Introduction
This document summarizes the accomplishments of the Jornada Basin LTER (JRN) Information Management (IM) team in 2020, and outlines activity planned for 2021. Most of the work described here has been, or will be, guided by what the IM team wrote in the Data Management Plan submitted with our 2020 LTER proposal. In the late summer of 2020 we received word that the LTER proposal was recommended for funding beginning in early 2021. The Data Managment Plan received generally favorable feedback from the NSF review panel.
Data publishing progress
There were a number of notable accomplishments in packaging and publishing JRN data products in 2020. All of these involved significant additions to, or revision of, Jornada metadata.
- We finished updating “Core/Signature” data packages in early March 2020 (59, 2 remain) in time for submission of our LTER proposal.
- John and Geovany added 107 new data packages to EDI for Cross-Scale project meteorology data and have made monthly updates .
- 10 new non-meteorology data packages were added to EDI.
- We updated half the JRN “non-core” (older, completed) data packages on EDI.
- Two Jornada eddy covariance towers joined the AmeriFlux network and are, or will be, publishing 30 minute fluxes with the AmeriFlux data repository (Vivoni group’s Tromble tower, and Systems Ecology Lab Bajada site).
- Savannah lab UAV data (4 new packages) is staged, and we are working towards publishing several other complex “non-tabular” datasets to EDI.
Please see further statistics and figures on our activity at the end of this document.
New JRN IM features, infrastructure, and data products
We added several new elements to the Jornada Basin LTER Information Management system, including a new website and an IM-focused database. We also improved several existing features of the IM system and planned for further improvements to be made in 2021. These changes have improved the accessibility and integrity of JRN datasets and lay the groundwork for increases in the efficiency of publishing JRN data and greater use of this data locally and in the wider scientific community.
JRN Websites
- A new JRN website was built and began service in June 2020.

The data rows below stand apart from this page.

lemma min_subset_sum_lower_set:
  fixes v :: "'a \<Rightarrow> real"
  assumes "finite C" "U \<subseteq> C"
    and "\<And>b. b \<in> U \<Longrightarrow> v b \<le> t" "\<And>b. b \<in> C - U \<Longrightarrow> t \<le> v b"
  shows "min_subset_sum C (card U) v = sum v U"
proof (rule antisym)
  show "min_subset_sum C (card U) v \<le> sum v U" using min_subset_sum_le assms(1,2) by blast
  have "card U \<le> card C" using assms(1,2) card_mono by blast
  moreover have "sum v U \<le> sum v S" if S: "S \<subseteq> C" "card S = card U" for S
  proof -
    obtain S' where "S' \<subseteq> U" "card S' = card S" "sum v S' \<le> sum v S"
      using exchange_into_lower_set[OF assms(1,2) S(1)] S(2) assms(3,4) by auto
    moreover have "finite U" using assms(1,2) finite_subset by blast
    ultimately show ?thesis using S(2) card_subset_eq by metis
  qed
  ultimately show "sum v U \<le> min_subset_sum C (card U) v"
    using min_subset_sum_greatest[OF assms(1)] by blast
qed
definition I_const :: "'n::finite itself \<Rightarrow> real \<Rightarrow> real" where
  "I_const T \<sigma> = sphere_area T *
     (LBINT \<rho>:{0<..}. (1 + \<rho>\<^sup>2) powr (-(real CARD('n) + \<sigma>) / 2) * \<rho> ^ (CARD('n) - 1))"

definition poisson_kernel :: "real \<Rightarrow> real \<Rightarrow> real^'n \<Rightarrow> real" where
  "poisson_kernel \<sigma> y x = inverse (I_const TYPE('n) \<sigma>) * y powr \<sigma> *
     (y\<^sup>2 + (norm x)\<^sup>2) powr (-(real CARD('n) + \<sigma>) / 2)"

definition sup_ker :: "real \<Rightarrow> real^'n \<Rightarrow> real \<Rightarrow> real \<Rightarrow> real" where
  "sup_ker \<gamma> x y \<sigma> = (SUP z\<in>ball x (\<gamma> * norm x). poisson_kernel \<sigma> y z)"

definition inf_ker :: "real \<Rightarrow> real^'n \<Rightarrow> real \<Rightarrow> real \<Rightarrow> real" where
  "inf_ker \<gamma> x y \<sigma> = (INF z\<in>ball x (\<gamma> * norm x). poisson_kernel \<sigma> y z)"

end

theory Submission
  imports Defs
begin

text \<open>The kernel \<open>P\<^sup>\<sigma>\<^sub>y(z)\<close> is a decreasing function of \<open>|z|\<close>, and the norms of the points of
  \<open>B(x, \<gamma>|x|)\<close> fill exactly the interval \<open>((1 - \<gamma>)|x|, (1 + \<gamma>)|x|)\<close>. Hence the supremum and
  the infimum are the kernel values at the ends of this interval, and their quotient is
  \<open>((y\<^sup>2 + (1 + \<gamma>)\<^sup>2|x|\<^sup>2) / (y\<^sup>2 + (1 - \<gamma>)\<^sup>2|x|\<^sup>2))\<^bsup>(n + \<sigma>)/2\<^esup>\<close>. The base is a mediant
  of \<open>(1 + \<gamma>)\<^sup>2 / (1 - \<gamma>)\<^sup>2\<close> and \<open>1\<close>, hence strictly below the former, and it tends to it as
  \<open>y / |x| \<rightarrow> 0\<close>.\<close>

lemma norm_image_ball:
  fixes c :: "'a::real_normed_vector"
  assumes "0 < r" "r \<le> norm c"
  shows "norm ` ball c r = {norm c - r<..<norm c + r}"
proof
  show "norm ` ball c r \<subseteq> {norm c - r<..<norm c + r}"
  proof (rule image_subsetI)
    fix z assume "z \<in> ball c r"
    then show "norm z \<in> {norm c - r<..<norm c + r}"
      using norm_triangle_ineq3[of c z] by (auto simp: dist_norm abs_less_iff)
  qed
next
  have c: "c \<noteq> 0" using assms by auto
  show "{norm c - r<..<norm c + r} \<subseteq> norm ` ball c r"
  proof
    fix t assume t: "t \<in> {norm c - r<..<norm c + r}"
    then have "t \<ge> 0" using assms by auto
    have "c - (t / norm c) *\<^sub>R c = (1 - t / norm c) *\<^sub>R c" by (simp add: algebra_simps)
    also have "norm \<dots> = \<bar>(1 - t / norm c) * norm c\<bar>" by (simp add: abs_mult)
    also have "(1 - t / norm c) * norm c = norm c - t" using c by (simp add: field_simps)
    finally have "dist c ((t / norm c) *\<^sub>R c) = \<bar>norm c - t\<bar>" by (simp add: dist_norm)
    moreover have "norm ((t / norm c) *\<^sub>R c) = t" using c \<open>t \<ge> 0\<close> by simp
    ultimately show "t \<in> norm ` ball c r" using t
      by (intro image_eqI[of _ _ "(t / norm c) *\<^sub>R c"]) (auto simp: abs_less_iff)
  qed
qed

lemma SUP_greaterThanLessThan_antimono:
  fixes f :: "real \<Rightarrow> real"
  assumes "a < b" "antimono_on {a..b} f" "continuous_on {a..b} f"
  shows "(SUP t\<in>{a<..<b}. f t) = f a"
proof (rule antisym)
  show "(SUP t\<in>{a<..<b}. f t) \<le> f a"
    using assms by (intro cSUP_least) (auto simp: monotone_on_def)
  have "(f \<longlongrightarrow> f a) (at_right a)"
    using assms continuous_on_Icc_at_rightD by blast
  moreover have "\<forall>\<^sub>F t in at_right a. f t \<le> (SUP t\<in>{a<..<b}. f t)"
    using eventually_at_right_real[OF assms(1)]
  proof eventually_elim
    case (elim t)
    have "bdd_above (f ` {a<..<b})"
      using assms by (intro bdd_aboveI2[where M = "f a"]) (auto simp: monotone_on_def)
    then show ?case using elim by (intro cSUP_upper)
  qed
  ultimately show "f a \<le> (SUP t\<in>{a<..<b}. f t)"
    by (rule tendsto_upperbound) simp
qed

lemma INF_greaterThanLessThan_antimono:
  fixes f :: "real \<Rightarrow> real"
  assumes "a < b" "antimono_on {a..b} f" "continuous_on {a..b} f"
  shows "(INF t\<in>{a<..<b}. f t) = f b"
proof (rule antisym)
  show "f b \<le> (INF t\<in>{a<..<b}. f t)"
    using assms by (intro cINF_greatest) (auto simp: monotone_on_def)
  have "(f \<longlongrightarrow> f b) (at_left b)"
    using assms continuous_on_Icc_at_leftD by blast
  moreover have "\<forall>\<^sub>F t in at_left b. (INF t\<in>{a<..<b}. f t) \<le> f t"
    using eventually_at_left_real[OF assms(1)]
  proof eventually_elim
    case (elim t)
    have "bdd_below (f ` {a<..<b})"
      using assms by (intro bdd_belowI2[where m = "f b"]) (auto simp: monotone_on_def)
    then show ?case using elim by (intro cINF_lower)
  qed
  ultimately show "(INF t\<in>{a<..<b}. f t) \<le> f b"
    by (rule tendsto_lowerbound) simp
qed

lemma SUP_ball_antimono_norm:
  fixes c :: "'a::real_normed_vector" and g :: "real \<Rightarrow> real"
  assumes "0 < r" "r \<le> norm c" "antimono_on {0..} g" "continuous_on {0..} g"
  shows "(SUP z\<in>ball c r. g (norm z)) = g (norm c - r)"
proof -
  have sub: "{norm c - r..norm c + r} \<subseteq> {0..}" using assms(2) by auto
  have "norm c - r < norm c + r" using assms(1) by simp
  then have "(SUP t\<in>{norm c - r<..<norm c + r}. g t) = g (norm c - r)"
    by (rule SUP_greaterThanLessThan_antimono[OF _ monotone_on_subset[OF assms(3) sub]
          continuous_on_subset[OF assms(4) sub]])
  then show ?thesis by (simp add: image_image norm_image_ball[OF assms(1,2), symmetric])
qed

lemma INF_ball_antimono_norm:
  fixes c :: "'a::real_normed_vector" and g :: "real \<Rightarrow> real"
  assumes "0 < r" "r \<le> norm c" "antimono_on {0..} g" "continuous_on {0..} g"
  shows "(INF z\<in>ball c r. g (norm z)) = g (norm c + r)"
proof -
  have sub: "{norm c - r..norm c + r} \<subseteq> {0..}" using assms(2) by auto
  have "norm c - r < norm c + r" using assms(1) by simp
  then have "(INF t\<in>{norm c - r<..<norm c + r}. g t) = g (norm c + r)"
    by (rule INF_greaterThanLessThan_antimono[OF _ monotone_on_subset[OF assms(3) sub]
          continuous_on_subset[OF assms(4) sub]])
  then show ?thesis by (simp add: image_image norm_image_ball[OF assms(1,2), symmetric])
qed
text \<open>A finite-dimensional left B-module is given by a finite basis index set
  (the carrier) and the matrices of the generators a and b in that basis.
  Linear maps are matrices M :: 'r => 'c => complex (row index first),
  required to vanish outside the relevant index sets.\<close>

record 'i rep =
  car  :: "'i set"
  actA :: "'i \<Rightarrow> 'i \<Rightarrow> complex"
  actB :: "'i \<Rightarrow> 'i \<Rightarrow> complex"

definition mcomp :: "'b set \<Rightarrow> ('a \<Rightarrow> 'b \<Rightarrow> complex) \<Rightarrow> ('b \<Rightarrow> 'c \<Rightarrow> complex) \<Rightarrow> 'a \<Rightarrow> 'c \<Rightarrow> complex" where
  "mcomp S f g = (\<lambda>p r. \<Sum>q\<in>S. f p q * g q r)"

definition mid :: "'a set \<Rightarrow> 'a \<Rightarrow> 'a \<Rightarrow> complex" where
  "mid S = (\<lambda>p q. if p \<in> S \<and> q = p then 1 else 0)"

definition kron :: "('a \<Rightarrow> 'b \<Rightarrow> complex) \<Rightarrow> ('c \<Rightarrow> 'd \<Rightarrow> complex) \<Rightarrow> ('a \<times> 'c) \<Rightarrow> ('b \<times> 'd) \<Rightarrow> complex" where
  "kron f g = (\<lambda>(p1, p2) (q1, q2). f p1 q1 * g p2 q2)"

definition mapp :: "'b set \<Rightarrow> ('a \<Rightarrow> 'b \<Rightarrow> complex) \<Rightarrow> ('b \<Rightarrow> complex) \<Rightarrow> 'a \<Rightarrow> complex" where
  "mapp S M v = (\<lambda>p. \<Sum>q\<in>S. M p q * v q)"

definition is_module :: "complex \<Rightarrow> 'i rep \<Rightarrow> bool" where
  "is_module w V \<longleftrightarrow> finite (car V)
     \<and> (\<forall>p q. (p \<notin> car V \<or> q \<notin> car V) \<longrightarrow> actA V p q = 0 \<and> actB V p q = 0)
     \<and> (\<exists>A'. \<forall>p\<in>car V. \<forall>q\<in>car V.
            mcomp (car V) (actA V) A' p q = mid (car V) p q \<and> mcomp (car V) A' (actA V) p q = mid (car V) p q)
     \<and> (\<forall>p\<in>car V. \<forall>q\<in>car V. mcomp (car V) (actA V) (actB V) p q = w * mcomp (car V) (actB V) (actA V) p q)"

text \<open>Tensor product via the coproduct Delta(a) = a (x) a, Delta(b) = a (x) b + b (x) 1.\<close>
definition tensor :: "'i rep \<Rightarrow> 'j rep \<Rightarrow> ('i \<times> 'j) rep" where
  "tensor V W = \<lparr> car = car V \<times> car W,
     actA = kron (actA V) (actA W),
     actB = (\<lambda>P Q. kron (actA V) (actB W) P Q + kron (actB V) (mid (car W)) P Q) \<rparr>"

text \<open>Unit object: C with the counit action a = 1, b = 0.\<close>
definition unitrep :: "unit rep" where
  "unitrep = \<lparr> car = UNIV, actA = (\<lambda>_ _. 1), actB = (\<lambda>_ _. 0) \<rparr>"

text \<open>Module morphisms V -> W (matrices with rows indexed by W, columns by V).\<close>
definition Hom :: "'i rep \<Rightarrow> 'j rep \<Rightarrow> ('j \<Rightarrow> 'i \<Rightarrow> complex) set" where
  "Hom V W = {f. (\<forall>p q. f p q \<noteq> 0 \<longrightarrow> p \<in> car W \<and> q \<in> car V)
     \<and> (\<forall>p\<in>car W. \<forall>q\<in>car V. mcomp (car W) (actA W) f p q = mcomp (car V) f (actA V) p q)
     \<and> (\<forall>p\<in>car W. \<forall>q\<in>car V. mcomp (car W) (actB W) f p q = mcomp (car V) f (actB V) p q)}"

definition cdim :: "('a \<Rightarrow> 'b \<Rightarrow> complex) set \<Rightarrow> nat" where
  "cdim U = vector_space.dim (\<lambda>c f. (\<lambda>p q. c * f p q)) U"

definition vecs :: "'i rep \<Rightarrow> ('i \<Rightarrow> complex) set" where
  "vecs V = {v. \<forall>p. p \<notin> car V \<longrightarrow> v p = 0}"

definition invariant :: "'i rep \<Rightarrow> ('i \<Rightarrow> complex) set \<Rightarrow> bool" where
  "invariant V U \<longleftrightarrow> U \<subseteq> vecs V \<and> (\<lambda>_. 0) \<in> U
     \<and> (\<forall>u\<in>U. \<forall>v\<in>U. (\<lambda>p. u p + v p) \<in> U)
     \<and> (\<forall>c. \<forall>u\<in>U. (\<lambda>p. c * u p) \<in> U)
     \<and> (\<forall>u\<in>U. mapp (car V) (actA V) u \<in> U \<and> mapp (car V) (actB V) u \<in> U)"

definition simple :: "'i rep \<Rightarrow> bool" where
  "simple V \<longleftrightarrow> car V \<noteq> {} \<and> (\<forall>U. invariant V U \<longrightarrow> U = {\<lambda>_. 0} \<or> U = vecs V)"

definition lunit_inv :: "'i set \<Rightarrow> (unit \<times> 'i) \<Rightarrow> 'i \<Rightarrow> complex" where
  "lunit_inv S = (\<lambda>(_, p) q. mid S p q)"
definition lunit :: "'i set \<Rightarrow> 'i \<Rightarrow> (unit \<times> 'i) \<Rightarrow> complex" where
  "lunit S = (\<lambda>p (_, q). mid S p q)"
definition runit_inv :: "'i set \<Rightarrow> ('i \<times> unit) \<Rightarrow> 'i \<Rightarrow> complex" where
  "runit_inv S = (\<lambda>(p, _) q. mid S p q)"
definition runit :: "'i set \<Rightarrow> 'i \<Rightarrow> ('i \<times> unit) \<Rightarrow> complex" where
  "runit S = (\<lambda>p (q, _). mid S p q)"
definition assoc :: "('a \<times> 'b \<times> 'c) set \<Rightarrow> ('a \<times> 'b \<times> 'c) \<Rightarrow> (('a \<times> 'b) \<times> 'c) \<Rightarrow> complex" where
  "assoc S = (\<lambda>(p1, p2, p3) ((q1, q2), q3). mid S (p1, p2, p3) (q1, q2, q3))"
definition assoc_inv :: "(('a \<times> 'b) \<times> 'c) set \<Rightarrow> (('a \<times> 'b) \<times> 'c) \<Rightarrow> ('a \<times> 'b \<times> 'c) \<Rightarrow> complex" where
  "assoc_inv S = (\<lambda>((p1, p2), p3) (q1, q2, q3). mid S ((p1, p2), p3) ((q1, q2), q3))"

definition psi_system ::
  "complex \<Rightarrow> 'g set \<Rightarrow> ('g \<Rightarrow> 'i rep) \<Rightarrow> ('g \<Rightarrow> 'g)
   \<Rightarrow> ('g \<Rightarrow> ('i \<times> 'i) \<Rightarrow> unit \<Rightarrow> complex) \<Rightarrow> ('g \<Rightarrow> unit \<Rightarrow> ('i \<times> 'i) \<Rightarrow> complex) \<Rightarrow> bool" where
  "psi_system w I V st bm dm \<longleftrightarrow>
     (\<forall>i\<in>I. is_module w (V i) \<and> simple (V i))
   \<and> (\<forall>i\<in>I. \<forall>j\<in>I. i \<noteq> j \<longrightarrow> Hom (V i) (V j) = {\<lambda>_ _. 0})
   \<and> (\<forall>i\<in>I. st i \<in> I \<and> st (st i) = i)
   \<and> (\<forall>i\<in>I. bm i \<in> Hom unitrep (tensor (V i) (V (st i)))
            \<and> dm i \<in> Hom (tensor (V i) (V (st i))) unitrep)
   \<and> (\<forall>i\<in>I. let S = car (V i); S' = car (V (st i)) in
        mcomp (S \<times> UNIV) (runit S)
          (mcomp (S \<times> S' \<times> S) (kron (mid S) (dm (st i)))
            (mcomp ((S \<times> S') \<times> S) (assoc (S \<times> S' \<times> S))
              (mcomp (UNIV \<times> S) (kron (bm i) (mid S)) (lunit_inv S)))) = mid S
      \<and> mcomp (UNIV \<times> S) (lunit S)
          (mcomp ((S \<times> S') \<times> S) (kron (dm i) (mid S))
            (mcomp (S \<times> S' \<times> S) (assoc_inv ((S \<times> S') \<times> S))
              (mcomp (S \<times> UNIV) (kron (mid S) (bm (st i))) (runit_inv S)))) = mid S)
   \<and> (\<forall>i\<in>I. \<forall>j\<in>I. (\<exists>k\<in>I. Hom (V k) (tensor (V i) (V j)) \<noteq> {\<lambda>_ _. 0}) \<longrightarrow>
        (\<exists>L :: ('g \<times> (('i \<times> 'i) \<Rightarrow> 'i \<Rightarrow> complex) \<times> ('i \<Rightarrow> ('i \<times> 'i) \<Rightarrow> complex)) list.
           (\<forall>(k, x, y)\<in>set L. k \<in> I \<and> x \<in> Hom (V k) (tensor (V i) (V j))
                              \<and> y \<in> Hom (tensor (V i) (V j)) (V k))
         \<and> mid (car (V i) \<times> car (V j))
             = sum_list (map (\<lambda>(k, x, y). mcomp (car (V k)) x y) L)))"

definition Gset :: "(real \<times> real) set" where
  "Gset = {(x, y). y > 0}"

definition gmul :: "real \<times> real \<Rightarrow> real \<times> real \<Rightarrow> real \<times> real" where
  "gmul g h = (fst g + snd g * fst h, snd g * snd h)"

definition ginv :: "real \<times> real \<Rightarrow> real \<times> real" where
  "ginv g = (- fst g / snd g, 1 / snd g)"

definition Iset :: "(real \<times> real) set" where
  "Iset = {(x, y). y > 0 \<and> x \<noteq> 0}"

definition nrt :: "nat \<Rightarrow> complex \<Rightarrow> real \<Rightarrow> complex" where
  "nrt N eps x = (if x > 0 then complex_of_real (root N x)
                  else if x < 0 then eps * complex_of_real (root N (- x)) else 0)"

definition ug :: "nat \<Rightarrow> complex \<Rightarrow> real \<times> real \<Rightarrow> complex" where
  "ug N eps g = nrt N eps (snd g)"
definition vg :: "nat \<Rightarrow> complex \<Rightarrow> real \<times> real \<Rightarrow> complex" where
  "vg N eps g = nrt N eps (fst g)"
definition epsg :: "complex \<Rightarrow> real \<times> real \<Rightarrow> complex" where
  "epsg eps g = (if fst g > 0 then eps else inverse eps)"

- A new partner data catalog was added to the website.
- A new interactive data viewer was made available on the website (Geovany), and further additions to this were discussed.
- An improved spatial data catalog was added to the new website, and further improvements were planned.
- A number of updates to the Jornada IM websitewere completed, including new documentation, improved metadata templates, IM diagnostics, and data access/analysis tools.
- JRN-metabase, a PostgreSQL database following the LTER-core-metabase schema, was created and made available for testing on the DASH server.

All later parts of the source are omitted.